In response to Mr. Thomson’s letter about Kittery candidates not showing good judgement, we have known Chuck Denault for over 45 years, and always found him to be very honest and trustworthy. He is a Traip graduate who went on to serve the town as a police officer for many years and was promoted to Sergeant. Chuck also served for many years on the town council and was elected to Vice Chair. We have often watched the town council meetings and Chuck always seemed to be the voice of reason. Chuck is concerned with maintaining Kittery’s small town charm, assisting long term residents to stay in their homes and not be forced out by the seeming never – ending sprawl. In closing, we have known Chuck for many years, he is a hard working, good local guy with a proven track record of being honest, fair, and trustworthy. We feel it is also important to note that both Chuck Denault and Ken Lemont were found clear of any wrong doings and did nothing illegal while on the council prior. Chuck Denault and Ken Lemont did an excellent job while serving on the Kittery town council in the past and they both deserve to be re-elected.
Thank you, Maurice (Bud) Patch, Larry B. Estes, Linda K. Patch, Jacquelyn M. Emery, (4 Kittery & Kittery Point residents)
On Monday I read, with interest, the letter from Jeff Thomson regarding to former town council members both of whom are running for Town Council again.
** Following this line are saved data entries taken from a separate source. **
lemma not_frequently_chat_le_cost_plus_rate:
  assumes x: "x \<in> X" and P: "P \<in> prob_simplex_interior" and s: "s < sqrt (2 * variance_loss l x P)"
  shows "\<not> frequently (\<lambda>T. T \<ge> 1 \<and> chat x P T - cost l x P \<le> s * rate T) sequentially"
proof
  assume often: "frequently (\<lambda>T. T \<ge> 1 \<and> chat x P T - cost l x P \<le> s * rate T) sequentially"
  define M1 where "M1 = (\<Sum>j\<in>UNIV. \<bar>l x j - cost l x P\<bar>)"
  have Ps: "P \<in> prob_simplex" using P prob_simplex_interior_subset by blast
  then have "variance_loss l x P \<ge> 0" by (intro variance_loss_nonneg) (simp add: prob_simplex_def)
  then obtain \<tau> where \<tau>: "\<tau> \<ge> 0" "s < \<tau> * variance_loss l x P" "\<tau>\<^sup>2 * variance_loss l x P < 2"
    using exists_tilt_scale s by blast
  define K where "K = (1 + \<tau>\<^sup>2 * variance_loss l x P / 2) / 2"
  have K: "K < 1" "\<tau>\<^sup>2 * variance_loss l x P / 2 < K" using \<tau>(3) by (simp_all add: K_def)
  obtain B where B: "\<And>T. T \<ge> 1 \<Longrightarrow> norm (g x P T) \<le> B"
    using gradient_bound[OF x Ps] by blast
  have "\<exists>\<eta>>0. (B * real CARD('d)) * \<eta> < (\<tau> * variance_loss l x P - s) / 4
                \<and> (2 * \<tau> * M1) * \<eta> < K - \<tau>\<^sup>2 * variance_loss l x P / 2"
    using \<tau> K by (intro exists_pos_eventually_at_right eventually_conj eventually_mult_less_at_right) simp_all
  then obtain \<eta> where \<eta>: "\<eta> > 0" "(B * real CARD('d)) * \<eta> < (\<tau> * variance_loss l x P - s) / 4"
    "(2 * \<tau> * M1) * \<eta> < K - \<tau>\<^sup>2 * variance_loss l x P / 2" by blast
  have "eventually (\<lambda>T. exp (- a T * K) / 2 \<le> iid_expect P T (\<lambda>u. of_bool
           (\<forall>j. \<bar>empirical_word T u $ j - variance_tilt l x P (\<tau> * rate T) $ j\<bar> < \<eta> * rate T)))
         sequentially"
    using \<eta>(3) by (intro eventually_iid_expect_near_variance_tilt_ge[OF P \<tau>(1) \<eta>(1)])
      (simp add: M1_def mult_ac)
  moreover have "eventually (\<lambda>T. T \<ge> 1 \<and> chat x P T - cost l x P \<le> s * rate T \<longrightarrow>
           (\<forall>q\<in>prob_simplex. (\<forall>j. \<bar>q$j - variance_tilt l x P (\<tau> * rate T) $ j\<bar> < \<eta> * rate T)
              \<longrightarrow> chat x q T < cost l x P)) sequentially"
    by (rule eventually_chat_near_variance_tilt_lt_cost[OF x P \<tau>(1) \<eta>(1) B \<eta>(2)])
  ultimately have "eventually (\<lambda>T. T \<ge> 1 \<and> chat x P T - cost l x P \<le> s * rate T \<longrightarrow> T \<ge> 1 \<and>
      exp (- a T * K) / 2 \<le> measure (law_inf P) {w \<in> space (law_inf P). cost l x P > chat x (empirical T w) T})
      sequentially"
  proof eventually_elim
    case (elim T)
    show ?case
    proof
      assume bad: "T \<ge> 1 \<and> chat x P T - cost l x P \<le> s * rate T"
      then have "iid_expect P T (\<lambda>u. of_bool
           (\<forall>j. \<bar>empirical_word T u $ j - variance_tilt l x P (\<tau> * rate T) $ j\<bar> < \<eta> * rate T))
          \<le> measure (law_inf P) {w \<in> space (law_inf P). cost l x P > chat x (empirical T w) T}"
        using elim(2) by (intro iid_expect_near_le_measure_empirical[OF Ps]) auto
      then show "T \<ge> 1 \<and> exp (- a T * K) / 2
          \<le> measure (law_inf P) {w \<in> space (law_inf P). cost l x P > chat x (empirical T w) T}"
        using elim(1) bad by linarith
    qed
  qed
  then have "frequently (\<lambda>T. T \<ge> 1 \<and> exp (- a T * K) / 2
      \<le> measure (law_inf P) {w \<in> space (law_inf P). cost l x P > chat x (empirical T w) T}) sequentially"
    using often by (rule frequently_mp)
  then show False by (rule guarantee_contradiction[OF x P K(1)])
qed
(* Let $(\mathfrak g,[\cdot,\cdot]_{\mathfrak g},E)$ be an ENL algebra and $r\in\mathfrak g\otimes\mathfrak g$. Assume that the cobracket $\Delta_r(x)=(\mathrm{ad}_x\otimes\mathrm{Id}+\mathrm{Id}\otimes\mathrm{ad}_x)(r)$ endows $(\mathfrak g,\mathfrak g^* )$ with a coboundary Lie bialgebra structure, where the bracket on $\mathfrak g^*$ is $\langle[\alpha,\beta]_{\mathfrak g^*},x\rangle=\langle\alpha\otimes\beta,\Delta_r(x)\rangle$. Then $(\mathfrak g^*,[\cdot,\cdot]_{\mathfrak g^*},E^* )$ is an ENL algebra if and only if for all $x\in\mathfrak g$, $(\mathrm{ad}_{Ex}\otimes\mathrm{Id}+\mathrm{Id}\otimes\mathrm{ad}_{Ex})(r)=(E\otimes\mathrm{Id})(\mathrm{ad}_x\otimes\mathrm{Id}+\mathrm{Id}\otimes\mathrm{ad}_x)(r)$.
   Context: Vector spaces are finite-dimensional over an algebraically closed field of characteristic zero. An ENL algebra $(\mathfrak g,[\cdot,\cdot],E)$ is a Lie algebra with linear $E$ satisfying $E[x,y]=[x,Ey]$ for all $x,y$ (equivalently $E[x,y]=[Ex,y]$). $E^*$ denotes the dual map of $E$. *)

theory Defs
  imports "HOL-Computational_Algebra.Polynomial"
begin

text \<open>Finite-dimensional vector spaces are modelled in coordinates: a space of
dimension CARD('n) over the field 'k is the function space 'n \<Rightarrow> 'k
(standard basis basis_vec i). The dual space is again 'n \<Rightarrow> 'k with the
pairing dpair. Elements of g \<otimes> g are coefficient arrays 'n \<Rightarrow> 'n \<Rightarrow> 'k
with respect to the basis e_i \<otimes> e_j.\<close>

definition alg_closed_field :: "'k::field itself \<Rightarrow> bool" where
  "alg_closed_field _ \<longleftrightarrow> (\<forall>p::'k poly. degree p \<noteq> 0 \<longrightarrow> (\<exists>z. poly p z = 0))"

definition lin_map :: "(('n \<Rightarrow> 'k::field) \<Rightarrow> ('m \<Rightarrow> 'k)) \<Rightarrow> bool" where
  "lin_map f \<longleftrightarrow> (\<forall>x y c. f (\<lambda>i. c * x i + y i) = (\<lambda>i. c * f x i + f y i))"

definition bilinear_map :: "(('n \<Rightarrow> 'k::field) \<Rightarrow> ('n \<Rightarrow> 'k) \<Rightarrow> ('n \<Rightarrow> 'k)) \<Rightarrow> bool" where
  "bilinear_map b \<longleftrightarrow> (\<forall>z. lin_map (\<lambda>x. b x z) \<and> lin_map (\<lambda>x. b z x))"

definition lie_bracket :: "(('n \<Rightarrow> 'k::field) \<Rightarrow> ('n \<Rightarrow> 'k) \<Rightarrow> ('n \<Rightarrow> 'k)) \<Rightarrow> bool" where
  "lie_bracket b \<longleftrightarrow> bilinear_map b \<and> (\<forall>x. b x x = (\<lambda>_. 0)) \<and>
     (\<forall>x y z. (\<lambda>i. b x (b y z) i + b y (b z x) i + b z (b x y) i) = (\<lambda>_. 0))"

definition ENL :: "(('n \<Rightarrow> 'k::field) \<Rightarrow> ('n \<Rightarrow> 'k) \<Rightarrow> ('n \<Rightarrow> 'k)) \<Rightarrow> (('n \<Rightarrow> 'k) \<Rightarrow> ('n \<Rightarrow> 'k)) \<Rightarrow> bool" where
  "ENL b E \<longleftrightarrow> lie_bracket b \<and> lin_map E \<and> (\<forall>x y. E (b x y) = b x (E y))"

definition basis_vec :: "'n \<Rightarrow> 'n \<Rightarrow> 'k::field" where
  "basis_vec i = (\<lambda>j. if j = i then 1 else 0)"

definition tensor_map :: "(('n::finite \<Rightarrow> 'k::field) \<Rightarrow> ('n \<Rightarrow> 'k)) \<Rightarrow> (('n \<Rightarrow> 'k) \<Rightarrow> ('n \<Rightarrow> 'k))
    \<Rightarrow> ('n \<Rightarrow> 'n \<Rightarrow> 'k) \<Rightarrow> ('n \<Rightarrow> 'n \<Rightarrow> 'k)" where
  "tensor_map A B t = (\<lambda>k l. \<Sum>i\<in>UNIV. \<Sum>j\<in>UNIV. t i j * A (basis_vec i) k * B (basis_vec j) l)"

definition tensor_ad :: "(('n::finite \<Rightarrow> 'k::field) \<Rightarrow> ('n \<Rightarrow> 'k) \<Rightarrow> ('n \<Rightarrow> 'k)) \<Rightarrow> ('n \<Rightarrow> 'k)
    \<Rightarrow> ('n \<Rightarrow> 'n \<Rightarrow> 'k) \<Rightarrow> ('n \<Rightarrow> 'n \<Rightarrow> 'k)" where
  "tensor_ad b x t = (\<lambda>k l. tensor_map (b x) id t k l + tensor_map id (b x) t k l)"

definition cobracket :: "(('n::finite \<Rightarrow> 'k::field) \<Rightarrow> ('n \<Rightarrow> 'k) \<Rightarrow> ('n \<Rightarrow> 'k)) \<Rightarrow> ('n \<Rightarrow> 'n \<Rightarrow> 'k)
    \<Rightarrow> ('n \<Rightarrow> 'k) \<Rightarrow> ('n \<Rightarrow> 'n \<Rightarrow> 'k)" where
  "cobracket b r x = tensor_ad b x r"

definition dpair :: "('n::finite \<Rightarrow> 'k::field) \<Rightarrow> ('n \<Rightarrow> 'k) \<Rightarrow> 'k" where
  "dpair \<alpha> x = (\<Sum>i\<in>UNIV. \<alpha> i * x i)"

definition dpair2 :: "('n::finite \<Rightarrow> 'k::field) \<Rightarrow> ('n \<Rightarrow> 'k) \<Rightarrow> ('n \<Rightarrow> 'n \<Rightarrow> 'k) \<Rightarrow> 'k" where
  "dpair2 \<alpha> \<beta> t = (\<Sum>k\<in>UNIV. \<Sum>l\<in>UNIV. \<alpha> k * \<beta> l * t k l)"

definition dual_bracket :: "(('n::finite \<Rightarrow> 'k::field) \<Rightarrow> ('n \<Rightarrow> 'n \<Rightarrow> 'k))
    \<Rightarrow> ('n \<Rightarrow> 'k) \<Rightarrow> ('n \<Rightarrow> 'k) \<Rightarrow> ('n \<Rightarrow> 'k)" where
  "dual_bracket \<delta> \<alpha> \<beta> = (\<lambda>i. dpair2 \<alpha> \<beta> (\<delta> (basis_vec i)))"

definition dual_map :: "(('n::finite \<Rightarrow> 'k::field) \<Rightarrow> ('n \<Rightarrow> 'k)) \<Rightarrow> ('n \<Rightarrow> 'k) \<Rightarrow> ('n \<Rightarrow> 'k)" where
  "dual_map E \<alpha> = (\<lambda>i. dpair \<alpha> (E (basis_vec i)))"

definition lie_bialgebra :: "(('n::finite \<Rightarrow> 'k::field) \<Rightarrow> ('n \<Rightarrow> 'k) \<Rightarrow> ('n \<Rightarrow> 'k))
    \<Rightarrow> (('n \<Rightarrow> 'k) \<Rightarrow> ('n \<Rightarrow> 'n \<Rightarrow> 'k)) \<Rightarrow> bool" where
  "lie_bialgebra b \<delta> \<longleftrightarrow> lie_bracket b
     \<and> (\<forall>x y c. \<delta> (\<lambda>i. c * x i + y i) = (\<lambda>k l. c * \<delta> x k l + \<delta> y k l))
     \<and> lie_bracket (dual_bracket \<delta>)
     \<and> (\<forall>x y. \<delta> (b x y) = (\<lambda>k l. tensor_ad b x (\<delta> y) k l - tensor_ad b y (\<delta> x) k l))"

end

theory Submission
  imports Defs
begin

(* Pairing with alpha \<otimes> beta expresses both sides of the ENL identity on g* through Delta_r:
   <E*[alpha,beta], x> = <alpha \<otimes> beta, Delta_r(E x)> and
   <[E* alpha, beta], x> = <alpha \<otimes> beta, (E \<otimes> Id) Delta_r(x)>.
   By antisymmetry of the bracket on g*, E*[alpha,beta] = [alpha, E* beta] for all alpha, beta is
   equivalent to E*[alpha,beta] = [E* alpha, beta] for all alpha, beta, and since the pairing is
   nondegenerate this says exactly Delta_r o E = (E \<otimes> Id) o Delta_r. *)

lemma basis_vec_commute: "basis_vec i j = basis_vec j i"
  by (simp add: basis_vec_def)

lemma sum_mult_basis_vec:
  fixes f :: "'n::finite \<Rightarrow> 'k::field"
  shows "(\<Sum>j\<in>UNIV. f j * basis_vec i j) = f i"
proof -
  have "(\<Sum>j\<in>UNIV. f j * basis_vec i j) = (\<Sum>j\<in>UNIV. if j = i then f j else 0)"
    by (intro sum.cong) (auto simp: basis_vec_def)
  then show ?thesis by simp
qed

lemma dpair2_basis_vec: "dpair2 (basis_vec k) (basis_vec l) t = t k l"
proof -
  have "dpair2 (basis_vec k) (basis_vec l) t =
        (\<Sum>k'\<in>UNIV. (\<Sum>l'\<in>UNIV. t k' l' * basis_vec l l') * basis_vec k k')"
    unfolding dpair2_def sum_distrib_right
    by (intro sum.cong refl) (simp add: algebra_simps)
  then show ?thesis by (simp add: sum_mult_basis_vec)
qed

lemma tensor_eq_iff_dpair2:
  fixes s t :: "'n::finite \<Rightarrow> 'n \<Rightarrow> 'k::field"
  shows "s = t \<longleftrightarrow> (\<forall>\<alpha> \<beta>. dpair2 \<alpha> \<beta> s = dpair2 \<alpha> \<beta> t)"
  by (metis dpair2_basis_vec ext)

lemma dpair2_linear:
  "dpair2 \<alpha> \<beta> (\<lambda>k l. c * s k l + t k l) = c * dpair2 \<alpha> \<beta> s + dpair2 \<alpha> \<beta> t"
  by (simp add: dpair2_def sum.distrib sum_distrib_left algebra_simps)

lemma tensor_map_linear:
  "tensor_map A B (\<lambda>k l. c * s k l + t k l) =
     (\<lambda>k l. c * tensor_map A B s k l + tensor_map A B t k l)"
  by (simp add: tensor_map_def sum.distrib sum_distrib_left algebra_simps)

lemma tensor_map_id_right:
  "tensor_map A id t k l = (\<Sum>m\<in>UNIV. t m l * A (basis_vec m) k)"
proof -
  have "tensor_map A id t k l = (\<Sum>m\<in>UNIV. (\<Sum>j\<in>UNIV. t m j * basis_vec l j) * A (basis_vec m) k)"
    unfolding tensor_map_def sum_distrib_right
    by (intro sum.cong refl) (simp add: algebra_simps basis_vec_commute[of l])
  then show ?thesis by (simp add: sum_mult_basis_vec)
qed

lemma lin_functional_expand:
  fixes f :: "('n::finite \<Rightarrow> 'k::field) \<Rightarrow> 'k"
  assumes lin: "\<And>c x y. f (\<lambda>i. c * x i + y i) = c * f x + f y"
  shows "f x = (\<Sum>j\<in>UNIV. x j * f (basis_vec j))"
proof -
  have zero: "f (\<lambda>_. 0) = 0"
    using lin[of "- 1" x x] by simp
  have "f (\<lambda>i. if i \<in> S then x i else 0) = (\<Sum>j\<in>S. x j * f (basis_vec j))" if "finite S" for S
    using that
  proof (induction S rule: finite_induct)
    case empty
    show ?case using zero by simp
  next
    case (insert a S)
    have "(\<lambda>i. if i \<in> insert a S then x i else 0) =
          (\<lambda>i. x a * basis_vec a i + (if i \<in> S then x i else 0))"
      using insert.hyps(2) by (auto simp: basis_vec_def)
    then show ?case using insert by (simp add: lin)
  qed
  from this[of UNIV] show ?thesis by simp
qed

lemma lin_functional_eq_on_basis:
  fixes f g :: "('n::finite \<Rightarrow> 'k::field) \<Rightarrow> 'k"
  assumes f_lin: "\<And>c x y. f (\<lambda>i. c * x i + y i) = c * f x + f y"
    and g_lin: "\<And>c x y. g (\<lambda>i. c * x i + y i) = c * g x + g y"
    and on_basis: "\<And>j. f (basis_vec j) = g (basis_vec j)"
  shows "f = g"
proof
  fix x
  have "f x = (\<Sum>j\<in>UNIV. x j * f (basis_vec j))"
    by (rule lin_functional_expand[OF f_lin])
  also have "\<dots> = (\<Sum>j\<in>UNIV. x j * g (basis_vec j))"
    by (simp only: on_basis)
  also have "\<dots> = g x"
    by (rule lin_functional_expand[OF g_lin, symmetric])
  finally show "f x = g x" .
qed

lemma lin_map_uminus:
  assumes "lin_map F"
  shows "F (\<lambda>i. - x i) = (\<lambda>i. - F x i)"
proof -
  have lin: "F (\<lambda>i. c * x i + y i) = (\<lambda>i. c * F x i + F y i)" for c x y
    using assms unfolding lin_map_def by blast
  have zero: "F (\<lambda>_. 0) = (\<lambda>_. 0)"
    using lin[of "- 1" x x] by simp
  show ?thesis
    using lin[of "- 1" x "\<lambda>_. 0"] by (simp add: zero)
qed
He claims they do not use sound judgement. He even goes so far as to insinuate that their actions of photographing two female employees were grounds for a lawsuit.
Let’s get the facts straight – Both Charles Denault and Ken Lamont were photographing the employees for one reason. The employees were leaving their jobs to run personal errands on the taxpayer’s dime. Their actions had the best interests of Kittery’s residents in mind. There was an investigation and both were cleared of any wrong doing.
He mentions they were instigated to do such because of other employees complaints. Of course there were complaints. I wouldn’t be happy if my coworkers did that either. If the town offices were being run properly in the first place it would not have been necessary. The town hall is rife with cronyism.
Charles Denault has spent years with the Kittery Police Dept retiring as Sergeant. He was voted to be the Town Council Vice Chair for three years running by his peers. They both have fought for senior property tax relief and to curb over development. That is enough proof of sound judgement for me.
Thank you to the Portsmouth Herald for the heading. Thank you to the 5 members of the DPW who showed courage to share their support for me and help set the record straight! They are the real heroes for trying to fix Kittery!
Kittery was unfair to Chuck Denault. We support him.
Oct. 18 − To the Editor:
We, the undersigned former Kittery, Maine, town employees, support Chuck Denault and his candidacy for election to the Kittery Town Council. Though much has been written by the Portsmouth Herald regarding his abrupt departure from the Kittery Town Council in 2021, very little was published pertaining to the employees that he assisted during that tenuous time.
We would like to take this opportunity to tell our side of the story. When our many and varied individual complaints to our direct supervisor, human resources and ultimately the town manager regarding theft, hostile work environments, retaliation, harassment, co-workers sneaking out of work when the boss was not there, time card fraud, nepotism and mismanagement along with an assortment of other complaints were not resolved or even believed, we had no one left to turn to except Councilor Denault. He advised us that he would personally take the information to the town manager per the town charter. This was well within the scope of his duties as a town councilor and our rights as employees.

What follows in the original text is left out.